> [GIVEN DATA]
= Beginning of Section =

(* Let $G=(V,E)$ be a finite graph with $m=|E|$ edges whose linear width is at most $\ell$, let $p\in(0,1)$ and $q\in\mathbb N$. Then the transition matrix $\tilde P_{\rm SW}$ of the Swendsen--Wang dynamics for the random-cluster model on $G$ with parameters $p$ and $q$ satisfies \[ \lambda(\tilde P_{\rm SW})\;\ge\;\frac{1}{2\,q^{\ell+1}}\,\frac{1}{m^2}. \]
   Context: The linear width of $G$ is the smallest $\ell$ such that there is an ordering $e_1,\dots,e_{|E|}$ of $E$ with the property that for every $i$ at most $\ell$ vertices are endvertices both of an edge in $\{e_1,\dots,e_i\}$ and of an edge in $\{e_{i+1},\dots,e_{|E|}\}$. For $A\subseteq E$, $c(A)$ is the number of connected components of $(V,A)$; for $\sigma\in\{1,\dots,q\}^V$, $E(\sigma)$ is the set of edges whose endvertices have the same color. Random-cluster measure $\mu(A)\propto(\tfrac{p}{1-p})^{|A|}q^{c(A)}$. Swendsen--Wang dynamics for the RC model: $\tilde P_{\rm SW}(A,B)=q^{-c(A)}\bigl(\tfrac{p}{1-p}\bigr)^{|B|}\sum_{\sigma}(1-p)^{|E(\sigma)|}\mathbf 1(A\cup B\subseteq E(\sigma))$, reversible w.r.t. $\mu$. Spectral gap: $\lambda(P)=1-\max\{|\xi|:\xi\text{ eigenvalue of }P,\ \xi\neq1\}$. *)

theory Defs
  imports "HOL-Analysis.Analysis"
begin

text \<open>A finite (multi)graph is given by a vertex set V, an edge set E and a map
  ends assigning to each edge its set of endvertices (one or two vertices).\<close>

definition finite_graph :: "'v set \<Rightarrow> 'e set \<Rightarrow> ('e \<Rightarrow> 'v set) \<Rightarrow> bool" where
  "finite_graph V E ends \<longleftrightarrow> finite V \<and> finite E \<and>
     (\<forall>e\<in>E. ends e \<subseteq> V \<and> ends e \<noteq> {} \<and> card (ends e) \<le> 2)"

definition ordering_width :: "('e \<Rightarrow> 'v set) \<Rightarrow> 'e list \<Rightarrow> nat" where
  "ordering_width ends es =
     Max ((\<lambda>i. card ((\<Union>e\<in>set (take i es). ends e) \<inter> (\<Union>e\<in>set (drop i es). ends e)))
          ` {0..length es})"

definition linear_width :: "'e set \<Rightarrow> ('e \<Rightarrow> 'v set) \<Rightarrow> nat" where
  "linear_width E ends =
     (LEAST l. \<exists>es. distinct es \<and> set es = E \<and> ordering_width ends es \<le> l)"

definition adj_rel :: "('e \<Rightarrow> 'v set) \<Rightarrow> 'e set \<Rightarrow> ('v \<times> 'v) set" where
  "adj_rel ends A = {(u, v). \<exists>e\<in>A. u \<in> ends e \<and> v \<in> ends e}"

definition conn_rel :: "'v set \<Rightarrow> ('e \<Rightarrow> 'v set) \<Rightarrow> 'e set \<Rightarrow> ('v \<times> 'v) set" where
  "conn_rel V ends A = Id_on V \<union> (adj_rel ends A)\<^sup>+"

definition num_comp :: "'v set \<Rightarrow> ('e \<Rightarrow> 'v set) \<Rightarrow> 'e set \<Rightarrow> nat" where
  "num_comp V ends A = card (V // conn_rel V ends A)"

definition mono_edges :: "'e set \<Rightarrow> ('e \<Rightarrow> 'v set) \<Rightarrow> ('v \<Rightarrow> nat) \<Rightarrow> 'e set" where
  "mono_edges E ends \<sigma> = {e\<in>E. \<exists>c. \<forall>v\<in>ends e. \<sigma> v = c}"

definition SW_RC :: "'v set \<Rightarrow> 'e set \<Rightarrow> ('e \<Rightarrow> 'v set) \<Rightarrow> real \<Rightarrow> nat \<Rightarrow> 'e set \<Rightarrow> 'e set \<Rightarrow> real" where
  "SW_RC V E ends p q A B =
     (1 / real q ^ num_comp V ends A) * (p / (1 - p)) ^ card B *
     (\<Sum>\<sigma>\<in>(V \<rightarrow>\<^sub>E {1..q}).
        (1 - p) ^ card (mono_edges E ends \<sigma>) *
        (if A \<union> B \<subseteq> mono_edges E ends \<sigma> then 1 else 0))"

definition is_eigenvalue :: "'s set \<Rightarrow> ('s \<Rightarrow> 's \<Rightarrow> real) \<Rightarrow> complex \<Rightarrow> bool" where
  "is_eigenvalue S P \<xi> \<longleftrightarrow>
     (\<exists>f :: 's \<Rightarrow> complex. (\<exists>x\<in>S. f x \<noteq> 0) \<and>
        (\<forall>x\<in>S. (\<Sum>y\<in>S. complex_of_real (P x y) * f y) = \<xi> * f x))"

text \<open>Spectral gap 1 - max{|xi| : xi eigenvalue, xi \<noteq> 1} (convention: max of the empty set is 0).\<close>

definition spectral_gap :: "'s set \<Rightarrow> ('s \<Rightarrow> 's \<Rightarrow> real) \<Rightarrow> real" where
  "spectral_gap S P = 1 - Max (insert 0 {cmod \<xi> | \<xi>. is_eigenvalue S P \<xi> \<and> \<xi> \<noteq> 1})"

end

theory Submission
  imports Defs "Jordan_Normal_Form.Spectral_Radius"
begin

= End of Section =

> [PROBLEM REQUIREMENTS] From the listing, copy every line where the string "bool" appears.

> [RESULT OF THE EXERCISE]
definition finite_graph :: "'v set \<Rightarrow> 'e set \<Rightarrow> ('e \<Rightarrow> 'v set) \<Rightarrow> bool" where
definition is_eigenvalue :: "'s set \<Rightarrow> ('s \<Rightarrow> 's \<Rightarrow> real) \<Rightarrow> complex \<Rightarrow> bool" where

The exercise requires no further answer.